Ясек растянулся на коврике в своей обычной позе.

— Сейчас увидишь. Ах да, ты, кажется, любить, чтобы у каждой истории было название? Что ж, назовем эту историю так:

Как можно физика обвести вокруг пальца по силовой линии

Я считаю, что наш физик — настоящий ангел. Даже сев на бутерброд с вареньем, который шутки ради подложил ему на стул Генек Крулик, он, вместо того чтобы без звука выставить Генека за дверь, сказал с искренним сожалением: «Мне очень жаль, Крулик, что я нечаянно оставил тебя без завтрака!» Если б на месте физика был физкультурник, он бы, я полагаю, заставил Генека этот бутерброд слопать и вдобавок выстирать измазанные брюки, что было бы вполне законным требованием; думаю, и Верховный суд отклонил бы апелляцию Генека. Но физик у нас такой, что если б даже Генек Крулик стал убеждать его в своей виновности, он все равно бы не поверил, что кому-то из его воспитанников могла прийти в голову такая дурацкая идея. Мне кажется, когда имеешь дело с человеком вроде нашего физика, нужно вести игру по всем правилам, а об ударах ниже пояса я уж и не говорю — это абсолютно исключается.

Ну ладно, хватит об этом. Я собирался рассказывать про переключатели. Дело было так: физик велел каждому принести какое-нибудь учебное пособие для физического кабинета — разумеется, собственного изготовления, на отметку. Многие пообещали сделать лабораторные переключатели, потому что нам их вечно не хватает. Мой можно с равным успехом называть чудом техники или мышеловкой, кому как больше нравится. Физик назвал этот шедевр переключателем, однако оценил на тройку с минусом, и то лишь по доброте душевной. Я бы лично за такую работу вкатил пару, невзирая на стенания и всякие жалкие слова.

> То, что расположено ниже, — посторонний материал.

(* If a set $W\subseteq V$ with $|W|=3$ can be generated from some connected pair, then there exists $X\supseteq W$ such that $D[X]$ is a directed sub-block, and some $i\in W$ is reachable from all other nodes both in $D[W]$ and in $D[X]$.
   Context: $D=(V,A)$ is a directed graph. $\mathrm{IN}(X)$ is the set of nodes from which some member of $X$ is reachable by a directed path. For disjoint nonempty $X,Y,Z$, $f_E(X,Y,Z)=1$ iff $\mathrm{IN}(X)\cap\mathrm{IN}(Y)=\emptyset$ computed in $D-Z$; node $j$ is dynamically partitioning relative to $k$ and $Y$ iff $f_E(\{k\},Y,\{j\})=1$. A connected pair is a set $\{i,j\}$ joined by an arc in some direction. A set $W_n$ of size $n$ can be generated from $W_m$ of size $m$, $2\le m<n$, iff there are sets $W_m\subset\dots\subset W_n$ with $W_{l+1}=W_l\cup\{k\}$, $k\in V\setminus W_l$, such that there is an arc from $k$ to some $j\in W_l$ that is not dynamically partitioning relative to $k$ and $W_l\setminus\{j\}$. $D[W]$ is the subgraph induced on $W$; reachability in $D[W]$ is via directed paths inside $D[W]$. A graph is biconnected if it has at least three vertices, is connected and remains connected after deleting any one vertex. $D[X]$ is a directed sub-block if some node of $X$ is reachable within $D[X]$ from all other nodes and the underlying undirected graph of $D[X]$ is biconnected. *)

theory Defs
  imports Main
begin

definition reach_in :: "('a \<times> 'a) set \<Rightarrow> 'a set \<Rightarrow> 'a \<Rightarrow> 'a \<Rightarrow> bool" where
  "reach_in A S u v \<longleftrightarrow> u \<in> S \<and> v \<in> S \<and> (u, v) \<in> (A \<inter> (S \<times> S))\<^sup>*"

definition IN_set :: "('a \<times> 'a) set \<Rightarrow> 'a set \<Rightarrow> 'a set \<Rightarrow> 'a set" where
  "IN_set A S X = {u \<in> S. \<exists>x\<in>X. reach_in A S u x}"

definition f_E :: "'a set \<Rightarrow> ('a \<times> 'a) set \<Rightarrow> 'a set \<Rightarrow> 'a set \<Rightarrow> 'a set \<Rightarrow> bool" where
  "f_E V A X Y Z \<longleftrightarrow> IN_set A (V - Z) X \<inter> IN_set A (V - Z) Y = {}"

definition dyn_partitioning :: "'a set \<Rightarrow> ('a \<times> 'a) set \<Rightarrow> 'a \<Rightarrow> 'a \<Rightarrow> 'a set \<Rightarrow> bool" where
  "dyn_partitioning V A j k Y \<longleftrightarrow> f_E V A {k} Y {j}"

definition connected_pair :: "'a set \<Rightarrow> ('a \<times> 'a) set \<Rightarrow> 'a set \<Rightarrow> bool" where
  "connected_pair V A P \<longleftrightarrow> (\<exists>i j. i \<in> V \<and> j \<in> V \<and> i \<noteq> j \<and> P = {i, j} \<and> ((i, j) \<in> A \<or> (j, i) \<in> A))"

definition gen_step :: "'a set \<Rightarrow> ('a \<times> 'a) set \<Rightarrow> 'a set \<Rightarrow> 'a set \<Rightarrow> bool" where
  "gen_step V A Wl Wl' \<longleftrightarrow> (\<exists>k \<in> V - Wl. Wl' = insert k Wl \<and>
      (\<exists>j \<in> Wl. (k, j) \<in> A \<and> \<not> dyn_partitioning V A j k (Wl - {j})))"

definition generated_from :: "'a set \<Rightarrow> ('a \<times> 'a) set \<Rightarrow> 'a set \<Rightarrow> 'a set \<Rightarrow> bool" where
  "generated_from V A W W' \<longleftrightarrow> finite W \<and> finite W' \<and> 2 \<le> card W \<and> card W < card W'
     \<and> (gen_step V A)\<^sup>*\<^sup>* W W'"

definition und_adj :: "('a \<times> 'a) set \<Rightarrow> 'a set \<Rightarrow> ('a \<times> 'a) set" where
  "und_adj A S = {(u, v). u \<in> S \<and> v \<in> S \<and> u \<noteq> v \<and> ((u, v) \<in> A \<or> (v, u) \<in> A)}"

definition und_connected :: "('a \<times> 'a) set \<Rightarrow> 'a set \<Rightarrow> bool" where
  "und_connected A S \<longleftrightarrow> (\<forall>u\<in>S. \<forall>v\<in>S. (u, v) \<in> (und_adj A S)\<^sup>*)"

definition biconnected :: "('a \<times> 'a) set \<Rightarrow> 'a set \<Rightarrow> bool" where
  "biconnected A S \<longleftrightarrow> finite S \<and> 3 \<le> card S \<and> und_connected A S \<and>
     (\<forall>v\<in>S. und_connected A (S - {v}))"

definition directed_sub_block :: "('a \<times> 'a) set \<Rightarrow> 'a set \<Rightarrow> bool" where
  "directed_sub_block A X \<longleftrightarrow> (\<exists>r\<in>X. \<forall>v\<in>X. reach_in A X v r) \<and> biconnected A X"

end

theory Submission
  imports Defs "HOL-Library.Transitive_Closure_Table"
begin

text \<open>Write \<open>W = {a, b, k}\<close>, where \<open>{a, b}\<close> is the connected pair and \<open>k\<close> the generated node with
  \<open>(k, a) \<in> A\<close>. That \<open>a\<close> is not dynamically partitioning means that in \<open>D - a\<close> some node \<open>u\<close>
  reaches both \<open>k\<close> and \<open>b\<close>. From the last node \<open>w\<close> of a simple \<open>u\<close>-\<open>k\<close> path that lies on a
  simple \<open>u\<close>-\<open>b\<close> path, we get two internally disjoint directed paths \<open>w \<leadsto> k\<close> and \<open>w \<leadsto> b\<close>;
  closed up by the arc \<open>k \<rightarrow> a\<close> and the arc between \<open>a\<close> and \<open>b\<close> they form an undirected cycle \<open>X\<close>,
  which is biconnected. Every node of \<open>X\<close> reaches \<open>k\<close> or \<open>b\<close> or is \<open>a\<close>, so whichever of \<open>a\<close>, \<open>b\<close>
  is the head of the arc between them is a common sink of \<open>D[X]\<close>, and likewise of \<open>D[W]\<close>.\<close>

abbreviation walk :: "('a \<times> 'a) set \<Rightarrow> 'a list \<Rightarrow> bool" where
  "walk R p \<equiv> successively (\<lambda>x y. (x, y) \<in> R) p"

Впрочем, тройка с минусом меня вполне устроила, так что обошлось без жалких слов; получив эту прекрасную отметку, я вздохнул с облегчением и тут же про нее забыл.

Зато нашей сестре Агате даже такой переключатель оказался не по зубам. Когда же я великодушно предложил ей помочь, она заявила, что не нуждается в помощи, цена которой тройка с минусом. Целый час она ломала голову, что бы ей эдакого придумать, и в конце концов, по своему обыкновению, поскакала к папе и так долго его терзала, что он пообещал сделать этот несчастный переключатель, лишь бы отвязалась. При условии, что она не будет больше его теребить. Обещать-то он обещал, но выполнить обещание ему все время что-то мешало, и он только вчера принес с работы переключатель. Такой, что сам Эдисон бы не погнушался!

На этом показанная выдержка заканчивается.